Kinetic Mechanism of Lipidprotein Nanodisc Dissociation in Bicelles

Nanodisc soluble lipid bilayer systems are vital in rendering membrane proteins soluble in aqueous solutions where they remain monodisperse and active in a membrane‐like environment. Nanodiscs or nanolipidprotein particles (NLPs), are bordered by an amphipathic helical protein belt or membrane scaffolding protein (MSP) mimicking a cell membrane. Past works have shown that fragments of bacteriorhodopsin when placed in separate nanodisc do not interact to form the functional protein. The introduction of bicelles enabled the fragments to form oligomers inside the bicelles. An analysis of the kinetics of the aforementioned NLP‐bicelle interaction showed a sigmoid curve suggesting the possibility of an autocatalyzed reaction. We hypothesized that the kinetics where due to MSP1E3D1′s dissociation from the nanodisc which catalyzed the reaction.
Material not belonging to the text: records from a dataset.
lemma frequently_avg_plus_le:
  assumes x: "x \<in> space M"
    and T_freq: "\<And>j. \<exists>\<^sub>F n in sequentially. (T ^^ n) x \<in> D j"
    and Tinv_freq: "\<And>j. \<exists>\<^sub>F n in sequentially. (Tinv ^^ n) x \<in> D j"
  shows "\<exists>\<^sub>F n in sequentially. avg_plus T f n x \<le> c"
  unfolding frequently_sequentially
proof
  fix N
  have "\<forall>\<^sub>F j in sequentially. \<forall>i\<in>{..<N}. (T ^^ i) x \<notin> D j"
    using eventually_not_mem_vanishing_decseq[OF D_decseq D_Inter]
    by (intro eventually_ball_finite) auto
  moreover have "\<forall>\<^sub>F j in sequentially. 1 \<le> j \<and> u x - c \<le> real j"
    using eventually_ge_at_top[of "max 1 (nat \<lceil>u x - c\<rceil>)"] by eventually_elim linarith
  ultimately have "\<forall>\<^sub>F j in sequentially. (\<forall>i\<in>{..<N}. (T ^^ i) x \<notin> D j) \<and> 1 \<le> j \<and> u x - c \<le> real j"
    by (rule eventually_conj)
  then obtain j where j: "1 \<le> j" "u x - c \<le> real j" "\<And>i. i < N \<Longrightarrow> (T ^^ i) x \<notin> D j"
    by (auto dest: eventually_happens'[OF sequentially_bot])
  define \<tau> where "\<tau> = return_time T (D j) x"
  have \<tau>: "1 \<le> \<tau>" "(T ^^ \<tau>) x \<in> D j"
    using return_time_ge_1[OF T_freq] return_time_returns[OF T_freq] by (auto simp: \<tau>_def)
  then have "N \<le> \<tau>"
    using j(3) not_le by blast
  have "(c + real j) * 1 \<le> (c + real j) * real \<tau>"
    using \<tau>(1) j(2) u_nonneg[of x] by (intro mult_left_mono) auto
  then have "(\<Sum>i<\<tau>. f ((T ^^ i) x)) \<le> c * real \<tau>"
    using sum_f_le_first_visit[OF x j(1) T_freq Tinv_freq] j(2)
    unfolding \<tau>_def[symmetric] by (simp add: distrib_right)
  then have "avg_plus T f \<tau> x \<le> c"
    unfolding avg_plus_def using \<tau>(1) by (simp add: pos_divide_le_eq)
  then show "\<exists>n\<ge>N. avg_plus T f n x \<le> c"
    using \<open>N \<le> \<tau>\<close> by blast
qed

text \<open>The backward sums of \<open>u - u \<circ> T\<close> are bounded below, while by Kac's telescoping
  the backward averages of \<open>g\<close> eventually exceed every \<open>K\<close>.\<close>
lemma tendsto_avg_minus_at_top:
  assumes x: "x \<in> space M"
    and Tinv_freq: "\<And>k. \<exists>\<^sub>F n in sequentially. (Tinv ^^ n) x \<in> B k"
  shows "filterlim (\<lambda>n. avg_minus M T f n x) at_top sequentially"
  unfolding filterlim_at_top
proof
  fix Z :: real
  define K where "K = nat \<lceil>Z\<rceil> + 1"
  define C where "C = (\<Sum>k<K. real (next_hit (\<lambda>i. (Tinv ^^ i) x \<in> B k) 0)) + u (T x)"
  show "\<forall>\<^sub>F n in sequentially. Z \<le> avg_minus M T f n x"
    using eventually_ge_at_top[of "max 1 (nat \<lceil>C\<rceil>)"]
  proof eventually_elim
    case (elim n)
    have "C \<le> real n"
      using elim real_nat_ceiling_ge[of C] of_nat_mono[of "nat \<lceil>C\<rceil>" n] by linarith
    moreover obtain m where "n = Suc m"
      using elim by (cases n) auto
    ultimately have n: "n = Suc m" "C \<le> real n" by auto
    have "real K * real n - C \<le> (\<Sum>i<n. g ((Tinv ^^ i) x)) - u (T x)"
      using sum_return_time_sum_orbit_ge[OF B_decseq B_Inter Tinv_freq, where K = K and n = n]
      by (simp add: C_def sum_subtractf)
    also have "\<dots> \<le> (\<Sum>i<n. f ((Tinv ^^ i) x))"
      using sum_Tinv_orbit_f[OF x, of m] u_nonneg[of "(Tinv ^^ m) x"] by (simp add: n)
    finally have "Z * real n \<le> (\<Sum>i<n. f ((Tinv ^^ i) x))"
      using n(2) mult_right_mono[of Z "real K - 1" "real n"] unfolding K_def
      by (simp add: algebra_simps) linarith
    then show "Z \<le> avg_minus M T f n x"
      unfolding avg_minus_def using n(1) by (simp add: pos_le_divide_eq)
  qed
qed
Using fluorescently labeled lipids 1,2‐dioleoyl‐sn‐glycero‐3‐phosphoethanolamine‐N‐(lissamine rhodamine B sulfonyl), 1,2‐diphytanoyl‐sn‐glycero‐3‐phosphoethanolamine‐N‐(7‐nitro‐2‐1,3‐benzoxadiazol‐4‐yl) LR‐PE and NBD‐PE, respectively with 1,2‐dimyristoyl‐sn‐glycero‐3‐phosphocholine (DMPC) and MSP1E3D1 we constructed NLPs. Bicelles were prepared using 1,2‐dihexanoyl‐sn‐glycero‐3‐phosphocholine (DHPC) and DMPC. Kinetics of NLP‐bicelle interactions and fluorescently labeled lipid dispersion were observed measuring fluorescence resonance energy transfer (FRET) using stopped‐flow spectroscopy. The NLP‐bicelle interaction followed previously observed kinetics and continued to do so after the addition of excess MSP1E3D1. Our results show that MSP1E3D1 is not responsible for the observed kinetics of the transfer of lipids between NLPs and bicelles.